Бурмут отнес Петковичу бумагу и сел за столик в коридоре перед своей каморкой. Обычно он здесь читает газеты, отдает распоряжения дежурному, а летом воюет с мухами связкой ключей. Ну а сейчас он ждет вечера. Время ползет как улитка, а ему ох как хочется домой. В эту Каноссу, коли уж в нее все равно придется возвращаться, лучше отправиться сегодня, когда его ждет купленная сыновьями литровочка.
Он снова встал: кашевары принесли обед. В двух котлах — квашеная капуста и картошка. Раздают, все заключенные довольны, только один цыган канючит, просит еще одну картофелину. Получил от Бурмута удар в ребра.
Закончилась и раздача еды. Осталось еще писарям получить обед, и тогда Бурмут может отсюда смыться. Он выпустил их из канцелярии в камеру, где их ждал принесенный домашними обед, только Мутавац не получил его, что Бурмуту казалось странным и непонятным. Уж ему-то жена раньше всех приносит еду.
— Где твоя жена? — теряя терпение, орет на него Бурмут.— Думаешь, я здесь к одному тебе приставлен?
Мутавац забился в угол, сел на парашу. Он с завистью смотрит, как едят остальные писари. Глотает слюну, в горле пересохло. Только глаза у него влажные. Лицо синее, словно после оплеух. Где его жена? Этот вопрос его волнует больше, чем кого-либо. Придет,
наверное, придет. Но он никак не может да и боится попробовать разъяснить Бурмуту, почему ее еще нет. Но вмешался Рашула. Слышал он, как Юришич утешал Мутавца, и сейчас, набивая рот, он злорадствует, высказывая предположение, что очаровательную госпожу Ольгу арестовали. За что? — поинтересовался Бурмут. Э, за что! Спросите Мутавца, папашка! Но Мутавац тупо уставился на Рашулу. Чувствует себя он ужасно, как будто тот сдирает с него кожу. Он пробует успокоить себя, обмануть. Может быть, с Ольгой на кухне случилась какая-нибудь неприятность, кастрюля перевернулась, соус подгорел, а может, она упала где-нибудь с его обедом, как это случилось утром. Он пробовал объяснить это Бурмуту, пробормотал несколько слов и умолк. Почему же она тогда не принесла обещанный завтрак? Безграничный страх и отчаяние застыли в его похожих на шляпки гвоздей мертвых зрачках. Кажется, они потухли и никогда больше не вспыхнут пламенем радости, никогда, больше никогда.
— Хватит болтать! — обрывает его Бурмут, он весь как на иголках, ему не терпится уйти.— Ты должен был сразу сказать, что твоя жена, наверное, в полиции, а не заставлять меня ждать.— Но словно луч соучастия пробил кору, которой за долгие годы службы затянулось сердце этого человека, он обрушился на Рашулу, продолжавшего издеваться над Мутавцем.— А ты молчи, о своей жене прежде позаботься! Растащат ее офицеры на кусочки! Да, а ты,— он снова повернулся к Мутавцу,— подонок, убедись, какой добрый папашка: я велю охраннику прислать сюда обед, если жена тебе его принесет.

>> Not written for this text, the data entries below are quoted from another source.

lemma ricT_lie2_g:
  assumes x: "x \<in> U" and V: "\<And>i. smooth (\<lambda>y. V y $ i)"
  shows "ricT g (lie2 V (gt g)) a b x = (\<Sum>c\<in>UNIV. \<Sum>d\<in>UNIV. ginv g x $ c $ d * ric g a d x * covD g [False] (flat V) [c, b] x)
     + (\<Sum>d\<in>UNIV. ric g a d x * covD g [True] (vt V) [b, d] x)"
proof -
  have "ricT g (lie2 V (gt g)) a b x = (\<Sum>c\<in>UNIV. \<Sum>d\<in>UNIV. ginv g x $ c $ d * ric g a d x * covD g [False] (flat V) [c, b] x)
     + (\<Sum>c\<in>UNIV. \<Sum>d\<in>UNIV. ginv g x $ c $ d * ric g a d x * covD g [False] (flat V) [b, c] x)"
    by (simp add: ricT_def lie2_g_eq_flat[OF x V] distrib_left sum.distrib)
  also have "(\<Sum>c\<in>UNIV. \<Sum>d\<in>UNIV. ginv g x $ c $ d * ric g a d x * covD g [False] (flat V) [b, c] x)
      = (\<Sum>d\<in>UNIV. ric g a d x * (\<Sum>c\<in>UNIV. ginv g x $ c $ d * covD g [False] (flat V) [b, c] x))"
    by (subst sum.swap) (simp add: sum_distrib_left mult_ac)
  also have "\<dots> = (\<Sum>d\<in>UNIV. ric g a d x * covD g [True] (vt V) [b, d] x)"
    by (simp add: ginv_covD_flat[OF x V])
  finally show ?thesis .
qed

lemma ginv_riem_trace:
  assumes x: "x \<in> U"
  shows "(\<Sum>c\<in>UNIV. \<Sum>d\<in>UNIV. ginv g x $ c $ d * riem g x c a d e) = (\<Sum>k\<in>UNIV. ric g a k x * ginv g x $ k $ e)"
proof -
  have "(\<Sum>c\<in>UNIV. \<Sum>d\<in>UNIV. ginv g x $ c $ d * riem g x c a d e)
     = (\<Sum>c\<in>UNIV. \<Sum>d\<in>UNIV. \<Sum>k\<in>UNIV. ginv g x $ c $ d * riem_low x a c k d * ginv g x $ k $ e)"
  proof (intro sum.cong refl)
    fix c d
    have "riem_low x c a d k = riem_low x a c k d" for k using riem_low_antisym12[of x c a d k] riem_low_antisym34[OF x, of a c d k] by simp
    then have "riem g x c a d e = (\<Sum>k\<in>UNIV. riem_low x a c k d * ginv g x $ k $ e)"
      using riem_eq_riem_low_ginv[OF x, of c a d e] by simp
    then show "ginv g x $ c $ d * riem g x c a d e = (\<Sum>k\<in>UNIV. ginv g x $ c $ d * riem_low x a c k d * ginv g x $ k $ e)"
      by (simp add: sum_distrib_left mult.assoc)
  qed
  also have "\<dots> = (\<Sum>k\<in>UNIV. (\<Sum>c\<in>UNIV. \<Sum>d\<in>UNIV. riem_low x a c k d * ginv g x $ d $ c) * ginv g x $ k $ e)"
    apply (simp only: sum_distrib_right)
    apply (subst sum3_312[of "\<lambda>c d k. ginv g x $ c $ d * riem_low x a c k d * ginv g x $ k $ e"])
    apply (intro sum.cong refl)
    apply (simp add: ginv_sym[OF x])
    done
  also have "\<dots> = (\<Sum>k\<in>UNIV. ric g a k x * ginv g x $ k $ e)" by (simp add: ric_eq_riem_low[OF x])
  finally show ?thesis .
qed

lemma ginv_riem_trace_contract:
  assumes x: "x \<in> U"
  shows "(\<Sum>c\<in>UNIV. \<Sum>d\<in>UNIV. ginv g x $ c $ d * (\<Sum>e\<in>UNIV. riem g x c a d e * N [e, b] x))
     = (\<Sum>c\<in>UNIV. \<Sum>d\<in>UNIV. ginv g x $ c $ d * ric g a d x * N [c, b] x)"
proof -
  have "(\<Sum>c\<in>UNIV. \<Sum>d\<in>UNIV. ginv g x $ c $ d * (\<Sum>e\<in>UNIV. riem g x c a d e * N [e, b] x))
      = (\<Sum>e\<in>UNIV. (\<Sum>c\<in>UNIV. \<Sum>d\<in>UNIV. ginv g x $ c $ d * riem g x c a d e) * N [e, b] x)"
    apply (simp only: sum_distrib_left sum_distrib_right)
    apply (subst sum3_312[of "\<lambda>c d e. ginv g x $ c $ d * (riem g x c a d e * N [e, b] x)"])
    apply (intro sum.cong refl)
    apply (simp add: mult_ac)
    done
  also have "\<dots> = (\<Sum>e\<in>UNIV. \<Sum>k\<in>UNIV. ric g a k x * ginv g x $ k $ e * N [e, b] x)"
    by (simp add: ginv_riem_trace[OF x] sum_distrib_right)
  also have "\<dots> = (\<Sum>c\<in>UNIV. \<Sum>d\<in>UNIV. ginv g x $ c $ d * ric g a d x * N [c, b] x)"
    apply (intro sum.cong refl)
    apply (simp add: ginv_sym[OF x] mult_ac)
    done
  finally show ?thesis .
qed

text \<open>Minus \<open>Riem(N)\<close> of the statement, since \<open>R\<^sub>e\<^sub>a\<^sub>b\<^sup>d = -R\<^sub>a\<^sub>e\<^sub>b\<^sup>d\<close>.\<close>
definition riem_action :: "('n list \<Rightarrow> real^'n \<Rightarrow> real) \<Rightarrow> real^'n \<Rightarrow> 'n \<Rightarrow> 'n \<Rightarrow> real" where
  "riem_action N x a b = (\<Sum>c\<in>UNIV. \<Sum>d\<in>UNIV. \<Sum>e\<in>UNIV. ginv g x $ c $ e * riem g x e a b d * N [c, d] x)"

lemma riem_action_alt1:
  assumes x: "x \<in> U"
  shows "(\<Sum>c\<in>UNIV. \<Sum>d\<in>UNIV. ginv g x $ c $ d * (\<Sum>e\<in>UNIV. riem g x c a b e * N [d, e] x)) = riem_action N x a b"
  unfolding riem_action_def
  apply (simp only: sum_distrib_left)
  apply (subst sum3_312[of "\<lambda>c d e. ginv g x $ c $ e * riem g x e a b d * N [c, d] x"])
  apply (intro sum.cong refl)
  apply (simp add: ginv_sym[OF x] mult_ac)
  done

lemma riem_action_alt2:
  assumes x: "x \<in> U"
  shows "(\<Sum>c\<in>UNIV. \<Sum>d\<in>UNIV. ginv g x $ c $ d * (\<Sum>e\<in>UNIV. riem g x d a b e * N [c, e] x)) = riem_action N x a b"
  unfolding riem_action_def
  apply (simp only: sum_distrib_left)
  apply (subst sum3_132[of "\<lambda>c d e. ginv g x $ c $ e * riem g x e a b d * N [c, d] x"])
  apply (intro sum.cong refl)
  apply (simp add: mult_ac)
  done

И он запер дверь на ключ. Внизу во дворе ударили в колокол. Полдень — ив городе зазвонили колокола.
— Тихо, ребятки! Тихо! — кричит он, запирая последнего заключенного, которого охранник только что привел из суда. Потом сам как призрак шмыгнул по коридору и исчез на лестнице, словно он на самом деле призрак, спустившийся в преисподнюю.
Два часа послеобеденного отдыха наступили тихо, торжественно. Кажется, время остановилось. Все пусто кругом. И только раздающийся то здесь, то там шум в камерах свидетельствовал о присутствии жизни.
В городе, где сейчас царит наибольшее оживление, звонят полуденные колокола. Звуки взлетают, сливаются, множатся. Как будто в этот час, когда солнечный шар достиг высшей точки над землей, огромные стаи птиц с металлическим криком взлетели над городом и затеяли веселый свадебный танец.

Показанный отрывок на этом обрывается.